In the light of the foregoing, the General Court finds that by excluding the competitors that already have a base at Frankfurt and Munich airports from the first stage of the slot divestiture procedure, the Commission failed to examine all the relevant factors relating to the proposed commitment, and therefore made a manifest error of assessment.

As regards the divestiture of DLH’s slots at Frankfurt and Munich airports, Condor, in addition, alleged that the Commission infringed its obligation to state reasons in that it did not explain how the requirement to pay for the divestiture of the slots at issue, as set out in the contested decision, rather than requiring their transfer free of charge is, first, in compliance with the applicable rules and, second, makes the commitments sufficiently attractive to a potential purchaser.

On that point, the General Court observes that the requirement that the divestiture of slots should be remunerated was of decisive importance in the scheme of the contested decision, with the result that the Commission was obliged to state the reasons why it considered that that requirement complied with the applicable rules. Given the absence of any indication as to the reasons which led the Commission to find that the slot divestiture at issue should be carried out in return for remuneration and not carried out free of charge, and that that requirement would not have the effect of reducing the attractiveness of those slots and, therefore, the effectiveness of the related commitments, the General Court finds that the Commission failed to fulfil its obligation to state reasons for the contested decision.

In the light of all of the foregoing, the General Court finds that the contested decision, as corrected, is vitiated by several errors and irregularities and, in consequence, it annuls that decision.

NOTE: An action for annulment seeks the annulment of acts of the institutions of the European Union that are contrary to European Union law. The Member States, the European institutions and individuals may, under certain conditions, bring an action for annulment before the Court of Justice or the General Court. If the action is well founded, the act is annulled. The institution concerned must fill any legal vacuum created by the annulment of the act.

NOTE: An appeal, on a point or points of law only, may be brought before the Court of Justice against a judgment or order of the General Court. In principle, the appeal does not have suspensive effect. If the appeal is admissible and well founded, the Court of Justice sets aside the judgment of the General Court. Where the state of the proceedings so permits, the Court of Justice may itself give final judgment in the case. Otherwise, it refers the case back to the General Court, which is bound by the decision given by the Court of Justice on the appeal.

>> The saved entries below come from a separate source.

lemma maxchain_rank: assumes "d \<in> maxchains P le" "i < length d" shows "rk (d ! i) = i"
proof -
  have "cover_chain P le (take (Suc i) d)" using assms cover_chain_take maxchains_iff by blast
  moreover have "hd (take (Suc i) d) = bot" using assms maxchains_iff by (cases d) auto
  ultimately have "rk (last (take (Suc i) d)) = length (take (Suc i) d) - 1" by (rule rank_last)
  moreover have "last (take (Suc i) d) = d ! i"
    using assms by (simp add: take_Suc_conv_app_nth)
  ultimately show ?thesis using assms by simp
qed

text \<open>Every chain of \<open>P\<close> has at most \<open>rk top\<close> steps, as the rank strictly increases along it.\<close>
lemma chain_length_bound:
  assumes "is_chain P le c" "c \<noteq> []"
  shows "length c - 1 \<le> rk top"
proof -
  have inP: "set c \<subseteq> P" using assms unfolding is_chain_def by auto
  have "i \<le> rk (c ! i)" if "i < length c" for i
    using that
  proof (induction i)
    case (Suc i)
    have "le (c ! i) (c ! Suc i)" "c ! i \<noteq> c ! Suc i" using assms Suc unfolding is_chain_def by auto
    moreover have "c ! i \<in> P" "c ! Suc i \<in> P" using inP Suc.prems nth_mem Suc_lessD by blast+
    ultimately have "rk (c ! i) < rk (c ! Suc i)" using rank_less by blast
    then show ?case using Suc by simp
  qed simp
  then have "length c - 1 \<le> rk (c ! (length c - 1))" using assms by simp
  moreover have "rk (c ! (length c - 1)) \<le> rk top" using rank_le inP top_in le_top assms
    by (metis diff_less length_greater_0_conv less_one nth_mem subsetD)
  ultimately show ?thesis by simp
qed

1 DLH is the parent company of the Lufthansa Group, which, inter alia, comprises Lufthansa Passenger Airlines, Brussels Airlines SA/NV, Austrian Airlines AG, Swiss International Air Lines Ltd and Edelweiss Air AG.
2 Commission Decision C(2020) 4372 final of 25 June 2020 concerning State Aid SA.57153 (2020/N) – Germany – COVID-19 – Aid to Lufthansa (‘the contested decision’). On 14 December 2021, the Commission adopted Decision C(2021) 9606 final, correcting the contested decision.
3 Under Article 107(3)(b) TFEU, aid to remedy a serious disturbance in the economy of a Member State may, under certain conditions, be considered to be compatible with the internal market.
4 Communication from the Commission of 19 March 2020 on the Temporary Framework for State aid measures to support the economy in the current COVID-19 outbreak (OJ 2020 C 91 I, p. 1 ; ‘the Temporary Framework’), which was amended, for the first time, on 3 April 2020 (OJ 2020 C 112 I,
p. 1) and, for a second time, on 8 May 2020 (OJ 2020 C 164, p. 3).
5 Namely Berlin Tegel, Brussels, Düsseldorf, Frankfurt, Hamburg, Munich, Palma de Mallorca, Stuttgart, Vienna and Hannover airports.
6 Commission notice on remedies acceptable under Council Regulation (EC) No 139/2004 and under Commission Regulation (EC) No 802/2004 (OJ 2008 C 267, p.1).